The gravitational force $$F$$ that an object of mass $$m$$ placed at a distance $$r$$ (from the center of Earth) experiences can be calculated using the universal law of gravitation, given by:

$$F = \frac{G M m}{r^2}$$

Where:

• $$G$$ is the gravitational constant ($$6.674 \times 10^{-11} \text{Nm}^2/\text{kg}^2$$)
• $$M$$ is the mass of the Earth (approximately $$5.972 \times 10^{24} \text{kg}$$)
• $$m$$ is the mass of the object
• $$r$$ is the distance from the center of the Earth to the object

However, when the object is at a distance $$2R$$ from the surface of the Earth, the total distance from the center of the Earth $$r'$$ becomes $$R + 2R = 3R$$. This is because the radius of the Earth $$R$$ is the distance from the Earth's center to its surface, so if the object is $$2R$$ above the surface, the total distance from the center is $$3R$$.

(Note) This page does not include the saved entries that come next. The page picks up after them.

text \<open>A p x q real matrix is represented as a function A :: nat => nat => real,
  of which only the entries A i j with i < p, j < q matter.\<close>

definition sparse :: "nat \<Rightarrow> nat \<Rightarrow> real \<Rightarrow> (nat \<Rightarrow> nat \<Rightarrow> real) \<Rightarrow> bool" where
  "sparse p q \<alpha> A \<longleftrightarrow>
     (\<forall>i<p. real (card {j. j < q \<and> A i j \<noteq> 0}) \<le> \<alpha> * real q) \<and>
     (\<forall>j<q. real (card {i. i < p \<and> A i j \<noteq> 0}) \<le> \<alpha> * real p)"

definition row_sub :: "(nat \<Rightarrow> nat \<Rightarrow> real) \<Rightarrow> (nat \<Rightarrow> nat) \<Rightarrow> nat \<Rightarrow> nat \<Rightarrow> real" where
  "row_sub S f = (\<lambda>i j. S (f i) j)"

definition col_sub :: "(nat \<Rightarrow> nat \<Rightarrow> real) \<Rightarrow> (nat \<Rightarrow> nat) \<Rightarrow> nat \<Rightarrow> nat \<Rightarrow> real" where
  "col_sub S g = (\<lambda>i j. S i (g j))"

definition sample_with :: "nat \<Rightarrow> nat \<Rightarrow> (nat \<Rightarrow> nat) pmf" where
  "sample_with k N = pmf_of_set ({..<k} \<rightarrow>\<^sub>E {..<N})"

definition sample_without :: "nat \<Rightarrow> nat \<Rightarrow> (nat \<Rightarrow> nat) pmf" where
  "sample_without k N = pmf_of_set {f \<in> {..<k} \<rightarrow>\<^sub>E {..<N}. inj_on f {..<k}}"
(* For every real number $\nu>0$, the set $\mathbb{L}^{(\nu)}$ of $\nu$-Liouville numbers is uncountable.
   Context: A real number $\xi$ is a Liouville number if there exist a sequence of rational numbers $p_k/q_k$ ($p_k,q_k$ integers, $q_k>1$) and a sequence of positive reals $(\omega_k)_k$ with $\omega_k\to\infty$ such that $0<|\xi-p_k/q_k|<q_k^{-\omega_k}$ for all $k$. For a real number $\xi$, let $S(\xi)$ be the set of real numbers $\nu^*\ge 0$ for which there exist a sequence of rationals $p_k/q_k$ (integers $q_k>1$) and a sequence of positive reals $(\omega_k)_k$ such that $0<|\xi-p_k/q_k|<q_k^{-\omega_k}$ for all $k$ and $\omega_k/q_k^{\nu^*}\to\infty$ as $k\to\infty$. For $\nu\in[0,\infty]$, $\xi$ is called a $\nu$-Liouville number if $\xi$ is a Liouville number and $\sup S(\xi)=\nu$; the set of $\nu$-Liouville numbers is denoted $\mathbb{L}^{(\nu)}$. In particular, $\xi$ is an $\infty$-Liouville number iff $S(\xi)=[0,\infty)$. *)

theory Defs
  imports "HOL-Analysis.Analysis" "HOL-Library.Extended_Real"
begin

definition approx_seq :: "real \<Rightarrow> (nat \<Rightarrow> int) \<Rightarrow> (nat \<Rightarrow> int) \<Rightarrow> (nat \<Rightarrow> real) \<Rightarrow> bool" where
  "approx_seq \<xi> p q \<omega> \<longleftrightarrow>
     (\<forall>k. q k > 1 \<and> \<omega> k > 0 \<and>
          0 < \<bar>\<xi> - real_of_int (p k) / real_of_int (q k)\<bar> \<and>
          \<bar>\<xi> - real_of_int (p k) / real_of_int (q k)\<bar> < real_of_int (q k) powr (- \<omega> k))"

definition liouville :: "real \<Rightarrow> bool" where
  "liouville \<xi> \<longleftrightarrow> (\<exists>p q \<omega>. approx_seq \<xi> p q \<omega> \<and> filterlim \<omega> at_top sequentially)"

definition S_set :: "real \<Rightarrow> real set" where
  "S_set \<xi> = {\<nu>. \<nu> \<ge> 0 \<and> (\<exists>p q \<omega>. approx_seq \<xi> p q \<omega> \<and>
       filterlim (\<lambda>k. \<omega> k / real_of_int (q k) powr \<nu>) at_top sequentially)}"

definition nu_liouville :: "ereal \<Rightarrow> real set" where
  "nu_liouville \<nu> = {\<xi>. liouville \<xi> \<and> Sup (ereal ` S_set \<xi>) = \<nu>}"

end

theory Submission
  imports Defs "HOL-Real_Asymp.Real_Asymp"
begin
lemma join_irreducible_if_RM_irreducible:
  assumes J: "is_Jclass J" and "RM_irreducible J" and "a \<in> J"
  shows "join_irreducible (a::'a)"
proof -
  obtain s t where lower: "\<And>J'. is_Jclass J' \<Longrightarrow> Jless J' J \<Longrightarrow> rm_equiv J' s t"
    and "\<not> rm_equiv J s t"
    using assms(2) unfolding RM_irreducible_def by blast
  obtain x where "x \<in> J"
    and "\<not> ((x * s \<in> J \<longleftrightarrow> x * t \<in> J) \<and> (x * s \<in> J \<and> x * t \<in> J \<longrightarrow> x * s = x * t))"
    using \<open>\<not> rm_equiv J s t\<close> unfolding rm_equiv_def by blast
  then consider "x * s \<in> J" "x * t \<noteq> x * s" | "x * t \<in> J" "x * s \<noteq> x * t"
    by (cases "x * s \<in> J"; metis)
  then obtain p q where "x * p \<in> J" "x * q \<noteq> x * p"
    and lower': "\<And>J'. is_Jclass J' \<Longrightarrow> Jless J' J \<Longrightarrow> rm_equiv J' p q"
  proof cases
    case 1
    then show ?thesis
      using that lower by blast
  next
    case 2
    moreover have "rm_equiv J' t s" if "is_Jclass J'" "Jless J' J" for J'
      using lower[OF that] unfolding rm_equiv_def by metis
    ultimately show ?thesis
      using that by blast
  qed
  define u where "u = sinv x * x * p"
  have "J = Jclass x"
    using J \<open>x \<in> J\<close> by (rule is_Jclass_eq)
  then have "ideal1 (x * p) = ideal1 x"
    using \<open>x * p \<in> J\<close> mem_Jclass_iff by blast
  note separates = sinv_mult_mult_separates[OF this \<open>x * q \<noteq> x * p\<close>, folded u_def]
  have "Jclass u = J"
    using separates(1) \<open>J = Jclass x\<close> unfolding Jclass_def by simp
  then have "join_irreducible u"
    using join_irreducible_if_lower_rm_equiv[OF separates(2,3)] lower' by blast
  moreover have "ideal1 a = ideal1 u"
    using \<open>a \<in> J\<close> \<open>Jclass u = J\<close> mem_Jclass_iff by blast
  ultimately show ?thesis
    using join_reducible_ideal1_eq unfolding join_irreducible_def by blast
qed
lemma closedin_isolated_outside_topology:
  "closedin (isolated_outside_topology E A) C \<longleftrightarrow> C \<subseteq> topspace E \<and> A \<inter> E closure_of C \<subseteq> C"
proof -
  have "(topspace E - C) \<inter> A \<subseteq> topspace E - E closure_of C \<longleftrightarrow> A \<inter> E closure_of C \<subseteq> C"
    using closure_of_subset_topspace[of E C] by blast
  then show ?thesis
    by (simp add: closedin_def openin_isolated_outside_topology interior_of_complement)
qed

lemma gdelta_in_isolated_outside_topologyI:
  assumes "gdelta_in E S"
  shows "gdelta_in (isolated_outside_topology E A) S"
proof -
  have "(countable intersection_of openin E) S" and "S \<subseteq> topspace E"
    using assms by (simp_all add: gdelta_in_alt)
  then show ?thesis
    by (simp add: gdelta_in_alt intersection_of_mono openin_isolated_outside_topologyI)
qed

lemma gdelta_in_isolated_outside_topologyD:
  assumes "gdelta_in (isolated_outside_topology E A) S" and "S \<subseteq> A"
  shows "gdelta_in E S"
proof -
  obtain \<U> where \<U>: "countable \<U>" "\<And>U. U \<in> \<U> \<Longrightarrow> openin (isolated_outside_topology E A) U"
    and S: "\<Inter>\<U> = S"
    using assms(1) by (auto simp: gdelta_in_alt intersection_of_def)
  have "S \<subseteq> E interior_of U" if "U \<in> \<U>" for U
  proof -
    have "S \<subseteq> U \<inter> A"
      using S that assms(2) by blast
    also have "\<dots> \<subseteq> E interior_of U"
      using \<U>(2)[OF that] by (simp add: openin_isolated_outside_topology)
    finally show ?thesis .
  qed
  then have "(\<Inter>U\<in>\<U>. E interior_of U) = S"
    using S interior_of_subset[of E] by blast
  moreover have "(countable intersection_of openin E) (\<Inter>U\<in>\<U>. E interior_of U)"
    using \<U>(1) by (intro countable_intersection_of_INT countable_intersection_of_inc) auto
  ultimately show ?thesis
    using assms(1) by (simp add: gdelta_in_alt)
qed

theorem perfect_top_isolated_outside_topology_iff:
  assumes "perfect_top E" and "A \<subseteq> topspace E"
  shows "perfect_top (isolated_outside_topology E A) \<longleftrightarrow> gdelta_in E A"
proof
  assume "perfect_top (isolated_outside_topology E A)"
  moreover have "closedin (isolated_outside_topology E A) A"
    using assms(2) by (simp add: closedin_isolated_outside_topology)
  ultimately show "gdelta_in E A"
    by (auto simp: perfect_top_def intro: gdelta_in_isolated_outside_topologyD)
next
  assume A: "gdelta_in E A"
  show "perfect_top (isolated_outside_topology E A)"
    unfolding perfect_top_def
  proof (intro allI impI)
    fix C assume "closedin (isolated_outside_topology E A) C"
    then have C: "C \<subseteq> topspace E" "A \<inter> E closure_of C \<subseteq> C"
      by (simp_all add: closedin_isolated_outside_topology)
    have "gdelta_in E (E closure_of C \<inter> A)"
      using assms(1) A by (simp add: perfect_top_def gdelta_in_Int)
    moreover have "openin (isolated_outside_topology E A) (C - A)"
      using C by (intro openin_isolated_outside_topology_disjoint) auto
    moreover have "C = (E closure_of C \<inter> A) \<union> (C - A)"
      using C closure_of_subset[of C E] by blast
    ultimately show "gdelta_in (isolated_outside_topology E A) C"
      by (metis gdelta_in_Un gdelta_in_isolated_outside_topologyI open_imp_gdelta_in)
  qed
qed

lemma dist_lift_pt: "dist (lift_pt k a d) (lift_pt k a e) = \<bar>d - e\<bar>"
proof -
  have "lift_pt k a d - lift_pt k a e = (d - e) *\<^sub>R axis k 1"
    by (simp add: vec_eq_iff lift_pt_def axis_def)
  then show ?thesis
    by (simp add: dist_norm)
qed

lemma tildeB_mono:
  assumes "d \<le> e"
  shows "tildeB k a d \<subseteq> tildeB k a e"
proof -
  have "ball (lift_pt k a d) d \<subseteq> ball (lift_pt k a e) e"
    using assms by (simp add: ball_subset_ball_iff dist_lift_pt)
  then show ?thesis
    by (auto simp: tildeB_def)
qed

lemma ball_lift_pt_subset_Pn: "ball (lift_pt k a e) e \<subseteq> Pn k"
proof
  fix x assume "x \<in> ball (lift_pt k a e) e"
  then have "\<bar>(lift_pt k a e - x) $ k\<bar> < e"
    using component_le_norm_cart[of "lift_pt k a e - x" k] by (simp add: dist_norm)
  then show "x \<in> Pn k"
    by (simp add: Pn_def lift_pt_def)
qed

lemma ball_subset_Pn: "ball x (x $ k) \<subseteq> Pn k"
proof
  fix y assume "y \<in> ball x (x $ k)"
  then have "\<bar>(x - y) $ k\<bar> < x $ k"
    using component_le_norm_cart[of "x - y" k] by (simp add: dist_norm)
  then show "y \<in> Pn k"
    by (simp add: Pn_def)
qed

lemma Pn_Int_Ln: "Pn k \<inter> Ln k = {}"
  by (auto simp: Pn_def Ln_def)

lemma openin_tauA:
  "openin (tauA k A) U \<longleftrightarrow> U \<subseteq> Xn k \<and>
     (\<forall>a\<in>U.
        (a \<in> Pn k \<longrightarrow> (\<exists>e. 0 < e \<and> e < a $ k \<and> ball a e \<subseteq> U)) \<and>
        (a \<in> A \<longrightarrow> (\<exists>e>0. ball a e \<inter> Xn k \<subseteq> U)) \<and>
        (a \<in> Ln k - A \<longrightarrow> (\<exists>e>0. tildeB k a e \<subseteq> U)))"
proof -
  have Pn: "\<exists>e>0. e < c \<and> ball a e \<subseteq> U \<inter> V"
    if "\<exists>e>0. e < c \<and> ball a e \<subseteq> U" "\<exists>e>0. e < c \<and> ball a e \<subseteq> V"
    for a :: "real^'n" and c U V
    using ex_pos_conj_antimono[OF that] by (auto dest: subset_ball[THEN order_trans])
  have A: "\<exists>e>0. ball a e \<inter> X \<subseteq> U \<inter> V"
    if "\<exists>e>0. ball a e \<inter> X \<subseteq> U" "\<exists>e>0. ball a e \<inter> X \<subseteq> V"
    for a :: "real^'n" and X U V
  proof -
    have "\<exists>e>0. ball a e \<inter> X \<subseteq> U \<and> ball a e \<inter> X \<subseteq> V"
      by (rule ex_pos_conj_antimono[OF that]) (use subset_ball in blast)+
    then show ?thesis
      by blast
  qed
  have tildeB: "\<exists>e>0. tildeB k a e \<subseteq> U \<inter> V"
    if "\<exists>e>0. tildeB k a e \<subseteq> U" "\<exists>e>0. tildeB k a e \<subseteq> V" for a U V
  proof -
    have "\<exists>e>0. tildeB k a e \<subseteq> U \<and> tildeB k a e \<subseteq> V"
      by (rule ex_pos_conj_antimono[OF that]) (use tildeB_mono in blast)+
    then show ?thesis
      by blast
  qed
  show ?thesis
    unfolding tauA_def ball_conj_distrib
    by (subst topology_inverse', intro istopology_conj istopology_Pow istopology_pointwise Pn A tildeB)
      blast+
qed

lemma subtopology_tauA_Ln:
  assumes "A \<subseteq> Ln k"
  shows "subtopology (tauA k A) (Ln k) = isolated_outside_topology (top_of_set (Ln k)) A"
  unfolding topology_eq
proof (intro allI iffI)
  fix W assume "openin (subtopology (tauA k A) (Ln k)) W"
  then obtain V where V: "openin (tauA k A) V" and W: "W = V \<inter> Ln k"
    by (auto simp: openin_subtopology)
  have "a \<in> top_of_set (Ln k) interior_of W" if a: "a \<in> W \<inter> A" for a
  proof -
    obtain e where "e > 0" "ball a e \<inter> Xn k \<subseteq> V"
      using V a W unfolding openin_tauA by blast
    then show ?thesis
      using a W by (auto simp: in_interior_of_top_of_set Xn_def)
  qed
  then show "openin (isolated_outside_topology (top_of_set (Ln k)) A) W"
    using W by (auto simp: openin_isolated_outside_topology)
next
  fix W assume "openin (isolated_outside_topology (top_of_set (Ln k)) A) W"
  then have W: "W \<subseteq> Ln k" "\<And>a. a \<in> W \<inter> A \<Longrightarrow> \<exists>e>0. ball a e \<inter> Ln k \<subseteq> W"
    by (auto simp: openin_isolated_outside_topology in_interior_of_top_of_set)
  have "openin (tauA k A) (W \<union> Pn k)"
    unfolding openin_tauA
  proof (intro conjI ballI impI)
    show "W \<union> Pn k \<subseteq> Xn k"
      using W by (auto simp: Xn_def)
  next
    fix a assume "a \<in> Pn k"
    then show "\<exists>e>0. e < a $ k \<and> ball a e \<subseteq> W \<union> Pn k"
      using ball_subset_Pn[of a k] subset_ball[of "a $ k / 2" "a $ k" a]
      by (intro exI[of _ "a $ k / 2"]) (auto simp: Pn_def)
  next
    fix a assume "a \<in> W \<union> Pn k" "a \<in> A"
    then obtain e where "e > 0" "ball a e \<inter> Ln k \<subseteq> W"
      using W(2) assms Pn_Int_Ln by blast
    then show "\<exists>e>0. ball a e \<inter> Xn k \<subseteq> W \<union> Pn k"
      by (auto simp: Xn_def)
  next
    fix a assume "a \<in> W \<union> Pn k" "a \<in> Ln k - A"
    then have "tildeB k a 1 \<subseteq> W \<union> Pn k"
      using ball_lift_pt_subset_Pn[of k a 1] Pn_Int_Ln by (auto simp: tildeB_def)
    then show "\<exists>e>0. tildeB k a e \<subseteq> W \<union> Pn k"
      using zero_less_one by blast
  qed
  moreover have "W = (W \<union> Pn k) \<inter> Ln k"
    using W Pn_Int_Ln by blast
  ultimately show "openin (subtopology (tauA k A) (Ln k)) W"
    by (auto simp: openin_subtopology)
qed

At the surface of the Earth, the gravitational force ($$F_{earth}$$) that acts on an object is given by its weight, which can be calculated using the formula $$F_{earth} = m \cdot g$$, where $$g$$ is the acceleration due to gravity on the surface of the Earth. Given that $$g = 10 \text{m/s}^2$$ and the mass of the body $$m = 90 \text{kg}$$, we get:

$$F_{earth} = 90 \text{kg} \cdot 10 \text{m/s}^2 = 900 \text{N}$$

To find the gravitational pull at a distance $$2R$$ from the Earth's surface, we use the fact that gravitational force varies inversely as the square of the distance from the center of the Earth. Since the distance triples ($$3R$$ from $$R$$), the gravitational force becomes $$\frac{1}{3^2} = \frac{1}{9}$$ of the force at the surface.

Therefore, the gravitational pull $$F_{2R}$$ on the body when placed at $$2R$$ from the Earth's surface is:

$$F_{2R} = \frac{F_{earth}}{9} = \frac{900 \text{N}}{9} = 100 \text{N}$$

Thus, the gravitational pull on the body when it is placed at a distance of $$2R$$ from the Earth's surface is 100 N. So, the correct option is:

Option C: 100 N